I was always on the side of those people who thought about PATM as a disease in some kind of biological virus, or any kind of electromagnetic shield disruption. I was always against psychological idea of PATM. I was so wrong 

PLEASE LISTEN TO THIS VERY CAREFULLY, THIS VOICE YOU ARE HEARING, WHEN YOU READING THIS MESSAGE - IS YOUR GUARDIAN ANGEL, WHO WILL HELP YOU GET RID OF PATM 

This is my last post on this forum, because I have found a cure, easiest and simplest as it could be. Now I will explain why this is my last comment. This whole forum is basically working against all of us. We, PATMers, are really just poor stupid people as it seems really =( I am so upset that I lost more than 2 years fighting against something outerworld, when the only one I should fought was only me. The real problem is that when we read something here, we interpetiate it in our life. Viruses, bugs, some sort of demonic thing, diets and so on. We think too much, and the only thing we really capable of bringing to our mind for about 90% of our time is PATM. We configurated ourselfs so freakly negative, that simply made ourself ill with this thing (It explains two things: new symptoms of newcomers, and then our similarities in symptoms afterwards - when we read about them and think the whole time and trying to find symptoms ANYWHERE) This forum is really a big threat - I want the only thing - That there will be only my comment in the whole thread - You will understand everything, just read more 

I was searching through my whole idea about deep breathing and how it helps. The only thing that it was really working for the time being - It was great interuptor for my (and yours) brain. We concentrated on breathing and dislocated some of negative ideas of PATM on breathing so that our poisoned brain could get some rest. YOU WILL NEVER GONNA RECOVER IF YOU CONTINUE TO THINK ABOUT PATM. YOU DONT NEED UVB, DONT NEED DEEP BREATHING, SPORTS, DIETS AND SO ON TO BRING PATM TO ITS FINAL DEFEAT. Its so simple really, that I was laughing very hard when I felt absolute enlightment afterwards. So simple, yet so hard for us. BECAUSE ! WE GOT OURSELVES SO DEEP IN BAD THOUGHTS IN WHICH WERE TARGETING ONLY OURSELVES. We were created and born not for thinking about that crap, we should evolve, we should feel happy, we should do something good and think about only good ways. Now I want to stop at this moment, because some of those guys here were saying about exact same thing and I didnt get a clue and didnt catch an idea. We are really intelligent person, only intelligent person can get itself in so deep crap as PATM Really, we are very clever, I'm Russian, but I learned English for Defeating PATM So freaking funny The whole idea is that the center of our thoughts was always PATM, we should change it immediately, It can bring everything bad to us. Dont try any advice on this thread, just read my message very precisely and try to undertsand, I will help you in PM if you have any questions. 

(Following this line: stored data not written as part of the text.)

text \<open>By compactness, finitely many return times suffice to bring every point of a minimal
  system into a given ball.\<close>
lemma minimal_finite_return_times:
  assumes min: "minimal_system X T" and x0: "x0 \<in> X" and \<epsilon>: "\<epsilon> > 0"
  shows "\<exists>M. finite M \<and> (\<forall>z\<in>X. \<exists>m\<in>M. dist ((T ^^ m) z) x0 < \<epsilon>)"
proof -
  interpret compact_system X T
    using min unfolding minimal_system_def by (simp add: tds_compact_system)
  define V where "V m = X \<inter> (T ^^ m) -` ball x0 \<epsilon>" for m
  have "\<forall>c\<in>range V. openin (top_of_set X) c"
    unfolding V_def by (auto intro: continuous_openin_preimage_gen continuous_on_iterate)
  moreover have "X \<subseteq> \<Union>(range V)"
    using minimal_orbit_dense[OF min _ x0 \<epsilon>] by (fastforce simp: V_def dist_commute)
  ultimately obtain D where "D \<subseteq> range V" "finite D" "X \<subseteq> \<Union>D"
    using compact_space unfolding compact_eq_openin_cover by meson
  then obtain M where "finite M" "X \<subseteq> \<Union>(V ` M)"
    by (metis finite_subset_image subset_UNIV)
  then show ?thesis by (intro exI[of _ M]) (fastforce simp: V_def dist_commute)
qed

text \<open>In a minimal system approximate recurrence implies recurrence: a point z returning
  \<delta>-close to itself is moved into the target ball by one of finitely many iterates
  T^m, which keeps the returns close by equicontinuity.\<close>
lemma recurrence_set_if_approx_recurrence_set:
  assumes min: "minimal_system X T" and approx: "approx_recurrence_set l R X T"
  shows "recurrence_set l R X T"
  unfolding recurrence_set_def
proof (intro allI impI)
  interpret compact_system X T
    using min unfolding minimal_system_def by (simp add: tds_compact_system)
  fix U assume U: "openin (top_of_set X) U" "U \<noteq> {}"
  then obtain x0 e where x0: "x0 \<in> U" and e: "e > 0"
    and ball_U: "\<And>x. x \<in> X \<Longrightarrow> dist x x0 < e \<Longrightarrow> x \<in> U"
    unfolding openin_euclidean_subtopology_iff by blast
  have x0X: "x0 \<in> X" using x0 U(1) openin_imp_subset by blast
  have e2: "e / 2 > 0" using e by simp
  obtain M where M: "finite M" and return: "\<forall>z\<in>X. \<exists>m\<in>M. dist ((T ^^ m) z) x0 < e / 2"
    using minimal_finite_return_times[OF min x0X e2] by blast
  obtain \<delta> where \<delta>: "\<delta> > 0"
    and equicont: "\<forall>m\<in>M. \<forall>u\<in>X. \<forall>v\<in>X. dist u v < \<delta> \<longrightarrow> dist ((T ^^ m) u) ((T ^^ m) v) < e / 2"
    using uniformly_equicontinuous_iterates[OF M e2] by blast
  obtain n z where n: "n \<in> R" and z: "z \<in> X" and returns: "\<forall>j\<le>l. dist ((T ^^ (j * n)) z) z < \<delta>"
    using approx \<delta> unfolding approx_recurrence_set_def by blast
  obtain m where m: "m \<in> M" "dist ((T ^^ m) z) x0 < e / 2" using return z by blast
  have "(T ^^ (j * n)) ((T ^^ m) z) \<in> U" if "j \<le> l" for j
  proof (rule ball_U)
    have "dist ((T ^^ m) ((T ^^ (j * n)) z)) ((T ^^ m) z) < e / 2"
      using equicont m(1) returns that z iterate_in[OF z, of "j * n"] by simp
    with m(2) have "dist ((T ^^ m) ((T ^^ (j * n)) z)) x0 < e"
      using dist_triangle[of "(T ^^ m) ((T ^^ (j * n)) z)" x0 "(T ^^ m) z"] by linarith
    then show "dist ((T ^^ (j * n)) ((T ^^ m) z)) x0 < e"
      by (simp add: funpow_commute_apply)
  qed (rule iterate_in[OF iterate_in[OF z]])
  then show "\<exists>n\<in>R. \<exists>x\<in>X. \<forall>j\<in>{0..l}. (T ^^ (j * n)) x \<in> U"
    using iterate_in[OF z, of m] by (auto intro!: bexI[OF _ n] bexI[of _ "(T ^^ m) z"])
qed

section \<open>Approachable, simultaneously proximal tuples give approximate recurrence\<close>

text \<open>If z approaches the tuple a and T^m brings all a j close to T^m (a 0), then the
  returns of T^m z along n stay close to T^m z.\<close>
lemma (in compact_system) approx_recurrence_set_if_proximal_approachable:
  assumes a: "\<forall>j\<le>l. a j \<in> X"
    and appr: "approachable l R X T a" and prox: "simultaneously_proximal T l a"
  shows "approx_recurrence_set l R X T"
  unfolding approx_recurrence_set_def
proof (intro allI impI)
  fix \<delta> :: real assume \<delta>: "\<delta> > 0"
  obtain m where m: "\<forall>j\<le>l. dist ((T ^^ m) (a j)) ((T ^^ m) (a 0)) < \<delta> / 3"
    using prox \<delta> unfolding simultaneously_proximal_def by (meson divide_pos_pos zero_less_numeral)
  obtain \<eta> where \<eta>: "\<eta> > 0"
    and cont: "\<forall>u\<in>X. \<forall>v\<in>X. dist u v < \<eta> \<longrightarrow> dist ((T ^^ m) u) ((T ^^ m) v) < \<delta> / 3"
    using uniformly_continuous_iterate[of "\<delta> / 3" m] \<delta> by auto
  obtain n z where n: "n \<in> R" and z: "z \<in> X" and near: "\<forall>j\<le>l. dist ((T ^^ (j * n)) z) (a j) < \<eta>"
    using appr \<eta> unfolding approachable_def by blast
  have "dist ((T ^^ (j * n)) ((T ^^ m) z)) ((T ^^ m) z) < \<delta>" if j: "j \<le> l" for j
  proof -
    have "dist ((T ^^ m) ((T ^^ (j * n)) z)) ((T ^^ m) (a j)) < \<delta> / 3"
      using cont a near j iterate_in[OF z, of "j * n"] by simp
    moreover have "dist ((T ^^ m) z) ((T ^^ m) (a 0)) < \<delta> / 3"
      using cont a near z by (metis funpow_0 mult_0 le0)
    moreover have "dist ((T ^^ m) (a j)) ((T ^^ m) (a 0)) < \<delta> / 3" using m j by blast
    ultimately show ?thesis
      using dist_triangle[of "(T ^^ m) ((T ^^ (j * n)) z)" "(T ^^ m) z" "(T ^^ m) (a j)"]
        dist_triangle2[of "(T ^^ m) (a j)" "(T ^^ m) z" "(T ^^ m) (a 0)"]
      by (simp add: funpow_commute_apply)
  qed
  then show "\<exists>n\<in>R. \<exists>z\<in>X. \<forall>j\<le>l. dist ((T ^^ (j * n)) z) z < \<delta>"
    using n iterate_in[OF z, of m] by blast
qed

I DONT WANT TO SOUND LIKE SOME OF THOSE GUYS WHO SAYS THINK POSITIVE AND SO ON ! NOT AT ALL ! I'M GIVING YOU EXACT WORDS, EXACT ADVICE TO FIGHT AGAINST PATM. I DIDNT GO TO PSYCHOLOGIST, I FIGURED IT OUT ON MY OWN ! 

Right now, remember about that voice of yours (guardian angel) I was talking about up there. 

Say to yourself clearly in your mind, so that it can easilly be heard by yourself, in your mind, dont say it out loud no need to right now 

These words 

- I feel myself perfect 
- I am so beautiful 
- I am so healthy 
- I look so fine 
- I am happy 
- I'm the happiest person in the world 
- I love you people 
- Everything is allright 

These words have magical power in them, for the whole day living repeat in your mind some of those words - You can even create some on your own. I think you got the whole idea. Now principal number one - FORGET EVERYTHING ABOUT PATM, AND EVERYTHING YOU WERE ENCOUNTERED BEFORE IN YOUR LIFE, EVERYTHING ON THIS FORUM. DONT AVOID MY COMMENT AT ANY COST. REMEMBER - I WAS THE ONE AGAINST PSYCHOLOGICAL SIDE OF ILLNESS. 

Now principal number two - IF YOU FEEL THAT PATM THOUGHTS OR SOME SITUATIONS BRING YOU BACK TO WHERE YOU START - IMMEDIATELY SAY IN YOUR MIND CLEARLY - "I FEEL MYSELF SO GOOD, LIFE IS CRYSTAL CLEAR, EVERYTHING IS SIMPLY GREAT" 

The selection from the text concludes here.